The entire history of Western Civilization can be read as a systematic attempt to exclude and isolate the body. From Plato on, this has been seen as folly to control, impulse to repress, labor power to arrange, unconscious to psychoanalyze. The Platonic separation of the body and the mind, a separation carried out to the complete advantage of the latter (“The body is the tomb of the mind”), even accompanies the seemingly most radical expressions of thought. A profound liberation of individuals entails an equally profound transformation of the way we conceive the body, its expression and relations. Due to a battle-trained Christian heritage, we are led to believe that domination controls and expropriates a part of the human being without damaging her inner being. I think instead that our body has suffered and continues to suffer a terrible mutilation. And this is not only due to the obvious aspects of control and alienation determined by technology. (That the bodies have been reduced to reservoirs of spare organs is clearly shown by the triumph of transplants, which is described with an insidious euphemism as a “frontier medicine.” But to me the reality seems much worse than pharmaceutical speculations and the dictatorship of medicine as a separate and powerful body reveals.) The food, the poisoned air, the daily relations have atrophied our senses. The dreadful chit-chat tortures both the mind and the body since no separation is possible between them. “Morality is exhaustion,” said Nietzsche.
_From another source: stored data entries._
lemma eps_c_eq_eps_crit:
  assumes "odd N"
  shows "eps_c N \<theta> = ereal (eps_crit N \<theta>)"
proof -
  have "{\<epsilon>. \<epsilon> > 0 \<and> G N \<theta> \<epsilon> \<le> 0} = {eps_crit N \<theta>..}"
    using G_nonpos_iff[OF assms] eps_crit_pos[OF assms] by auto
  moreover have "Inf (ereal ` {x..}) = ereal x" for x
  proof (rule antisym)
    show "Inf (ereal ` {x..}) \<le> ereal x"
      by (rule Inf_lower) simp
    show "ereal x \<le> Inf (ereal ` {x..})"
      by (rule Inf_greatest) auto
  qed
  ultimately show ?thesis
    unfolding eps_c_def by simp
qed

lemma f_eq_qroot:
  assumes "odd N"
  shows "f N \<theta> = \<theta> * (1 + \<theta>) ^ (N - 1) / qroot N \<theta> ^ (N - 1) - 1 - qroot N \<theta>"
proof -
  have root_eq: "root N (2 - (1 + \<theta>) ^ N) = - qroot N \<theta>"
    unfolding qroot_def using real_root_minus[of N "(1 + \<theta>) ^ N - 2"] by simp
  have "root N (1 / (2 - (1 + \<theta>) ^ N) ^ (N - 1)) = 1 / (- qroot N \<theta>) ^ (N - 1)"
    using N_ge by (simp add: real_root_divide real_root_power root_eq)
  also have "\<dots> = 1 / qroot N \<theta> ^ (N - 1)"
    using assms N_ge by simp
  finally show ?thesis
    unfolding f_def root_eq by simp
qed

lemma has_real_derivative_qroot:
  "(qroot N has_real_derivative (1 + \<theta>) ^ (N - 1) / qroot N \<theta> ^ (N - 1)) (at \<theta>)"
proof -
  have "((\<lambda>x. (1 + x) ^ N - 2) has_real_derivative real N * (1 + \<theta>) ^ (N - 1)) (at \<theta>)"
    by (auto intro!: derivative_eq_intros)
  from DERIV_chain2[OF DERIV_real_root[of N "(1 + \<theta>) ^ N - 2"] this]
  have "(qroot N has_real_derivative
      inverse (real N * qroot N \<theta> ^ (N - 1)) * (real N * (1 + \<theta>) ^ (N - 1))) (at \<theta>)"
    using N_ge one_plus_power_gt_two by (simp add: qroot_def[abs_def])
  then show ?thesis
    using N_ge by (simp add: field_simps)
qed

lemma has_real_derivative_eps_crit:
  assumes "odd N"
  shows "(eps_crit N has_real_derivative f N \<theta> / \<theta>\<^sup>2) (at \<theta>)"
proof -
  have "(eps_crit N has_real_derivative
      (((1 + \<theta>) ^ (N - 1) / qroot N \<theta> ^ (N - 1)) * \<theta> - (1 + qroot N \<theta>)) / \<theta>\<^sup>2) (at \<theta>)"
    unfolding eps_crit_def[abs_def] using theta_pos
    by (auto intro!: derivative_eq_intros has_real_derivative_qroot simp: power2_eq_square)
  then show ?thesis
    using theta_pos qroot_pos by (simp add: f_eq_qroot[OF assms] field_simps)
qed

lemma f_mult_qroot_power:
  assumes "odd N"
  shows "f N \<theta> * qroot N \<theta> ^ (N - 1) = f_scaled N \<theta>"
proof -
  define P where "P = qroot N \<theta> ^ (N - 1)"
  have N_Suc: "N = Suc (N - 1)"
    using N_ge by simp
  have "P \<noteq> 0"
    unfolding P_def using qroot_pos by simp
  then have "f N \<theta> * P = \<theta> * (1 + \<theta>) ^ (N - 1) - P - qroot N \<theta> * P"
    unfolding f_eq_qroot[OF assms] P_def[symmetric] by (simp add: field_simps)
  moreover have "qroot N \<theta> * P = (1 + \<theta>) ^ N - 2"
    unfolding P_def using qroot_power N_Suc by (metis power_Suc)
  moreover have "(1 + \<theta>) ^ N = (1 + \<theta>) * (1 + \<theta>) ^ (N - 1)"
    using N_Suc by (metis power_Suc)
  ultimately show ?thesis
    unfolding P_def f_scaled_def by (simp add: algebra_simps)
qed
To affirm ones own life, that exuberance that demands to be given, entails a transformation of the senses, ideas and relationships. I have frequently come to see people as beautiful, even physically, who had seemed almost invisible to me until a short time earlier. When you test yourself in resistance, when you fight back with someone, you see in your friends beautiful individuals, and not the sad faces and bodies that extinguish their light. I believe we really are becoming beautiful in the moment when we resist that which attempts to separate thought from action.